# Playbooks

Woken up by the pager? Trying to debug the site? Curious about how things work
under the hood? These are here to help you figure out how to navigate the
infrastructure behind our site, and generally keep the site up and running.

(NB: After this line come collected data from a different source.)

lemma hom_ops_independent:
  assumes fin: "finite S" and g: "\<And>n. n \<in> S \<Longrightarrow> vanishes_below n (P n)"
    and z: "(\<Sum>n\<in>S. hom_op n (P n)) = 0" and n0: "n0 \<in> S"
  shows "P n0 = 0"
proof (rule poly_eq_0_if_nat_roots)
  fix j :: nat
  show "poly (P n0) (of_nat j) = 0"
  proof (cases "int j < n0")
    case True then show ?thesis using g[OF n0] by (simp add: vanishes_below_def)
  next
    case False
    define i where "i = nat (int j - n0)"
    have ii: "int i + n0 = int j" using False unfolding i_def by linarith
    have "0 = coeff ((\<Sum>n\<in>S. hom_op n (P n)) (monom 1 j)) i" using z by simp
    also have "\<dots> = (\<Sum>n\<in>S. if int i + n = int j then poly (P n) (of_nat j) else 0)"
      by (simp add: sum_fun_apply coeff_sum coeff_hom_op_monom)
    also have "\<dots> = (\<Sum>n\<in>S. if n = n0 then poly (P n) (of_nat j) else 0)"
      by (rule sum.cong) (use ii in auto)
    also have "\<dots> = poly (P n0) (of_nat j)" using fin n0 by simp
    finally show ?thesis by simp
  qed
qed

lemma oadd_eq_plus: "oadd a b = a + b" by (rule ext) (simp add: oadd_def)
lemma ozero_eq_0: "ozero = 0" by (rule ext) (simp add: ozero_def)

lemma wx_eq_hom_op: "(wx :: 'k::field_char_0 wop) = hom_op 1 [:0,1:]"
proof (rule ext, rule poly_eqI)
  fix p :: "'k poly" and i
  have "nat (int i + 1) = Suc i" by simp
  then show "coeff (wx p) i = coeff (hom_op 1 [:0, 1:] p) i"
    by (simp add: wx_def coeff_pderiv coeff_hom_op algebra_simps)
qed

lemma wy_eq_hom_op: "(wy :: 'k::field_char_0 wop) = hom_op (-1) 1"
proof (rule ext, rule poly_eqI)
  fix p :: "'k poly" and i
  show "coeff (wy p) i = coeff (hom_op (-1) 1 p) i"
  proof (cases i)
    case 0 then show ?thesis by (simp add: wy_def coeff_hom_op)
  next
    case (Suc j)
    then have "nat (int i - 1) = j" by simp
    then show ?thesis using Suc by (simp add: wy_def coeff_hom_op)
  qed
qed

lemma oscal_eq_hom_op: "(oscal c :: 'k::field_char_0 wop) = hom_op 0 [:c:]"
  by (rule ext, rule poly_eqI) (simp add: oscal_def coeff_hom_op mult.commute)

This page provides details (and links) to services and other docs in this repo. If you're currently on-call and looking for a quick guide to diagnosing some issues, start with specific teams' on-call guides:

* [web](../web/on_call.md)
* [TMI](../tmi/on_call.md)

## Monitoring

Here are all of the bits of monitoring infrastructure that we use to keep track
of what's going on with the site.

* [Ganglia](http://ganglia.internal.justin.tv): LDAP
* [Graphite/Statsd](http://graphite.internal.justin.tv): non-LDAP credentials,
  ask for details
* [Nagios (Dirty)](http://nagios.internal.justin.tv): LDAP
* [Nagios (Clean)](http://nagios-clean.internal.justin.tv): LDAP
* [PagerDuty](http://twitchoncall.pagerduty.com): ask your manager for an invite
  to set up an account
* [Rabbit](rabbit.md): non-LDAP credentials,
  ask for details
* [Rollbar](rollbar.md): ask Doug
* [New Relic](https://rpm.newrelic.com/accounts/26263/applications/131219): also
  ask Doug

### Hystrix circuits

We use a library called [Hystrix](https://github.com/afex/hystrix-go) to implement the circuit breaker pattern in our applications.  There is a dashboard where you can watch live metrics from these circuits, and will help give you visibility into which backends may be having issues during outage events.

* Web
  * [Production](http://hystrix.dev.us-west2.justin.tv/hystrix_dashboard/monitor/monitor.html?stream=http%3A%2F%2Fhystrix.dev.us-west2.justin.tv%2Fturbine%2Fturbine.stream%3Fcluster%3Dweb&title=web-production)
* Web Workers
  * [Ruby Production](http://hystrix.dev.us-west2.justin.tv/hystrix_dashboard/monitor/monitor.html?stream=http%3A%2F%2Fhystrix.dev.us-west2.justin.tv%2Fturbine%2Fturbine.stream%3Fcluster%3Dweb_ruby_workers&title=web-ruby-workers-production)
  * [Go Production](http://hystrix.dev.us-west2.justin.tv/hystrix_dashboard/monitor/monitor.html?stream=http%3A%2F%2Fhystrix.dev.us-west2.justin.tv%2Fturbine%2Fturbine.stream%3Fcluster%3Dweb_go_workers&title=web-go-workers-production)
* Discovery
  * [Production](http://hystrix.dev.us-west2.justin.tv/hystrix_dashboard/monitor/monitor.html?stream=http%3A%2F%2Fhystrix.dev.us-west2.justin.tv%2Fturbine%2Fturbine.stream%3Fcluster%3Ddiscovery&title=discovery)
* Chat
  * [Production](http://hystrix.dev.us-west2.justin.tv/hystrix_dashboard/monitor/monitor.html?stream=http%3A%2F%2Fhystrix.dev.us-west2.justin.tv%2Fturbine%2Fturbine.stream%3Fcluster%3Dtmi_goclue_production&title=tmi_clue_production)
  * [Darklaunch](http://hystrix.dev.us-west2.justin.tv/hystrix_dashboard/monitor/monitor.html?stream=http%3A%2F%2Fhystrix.dev.us-west2.justin.tv%2Fturbine%2Fturbine.stream%3Fcluster%3Dtmi_goclue_darklaunch&title=tmi_clue_darklaunch)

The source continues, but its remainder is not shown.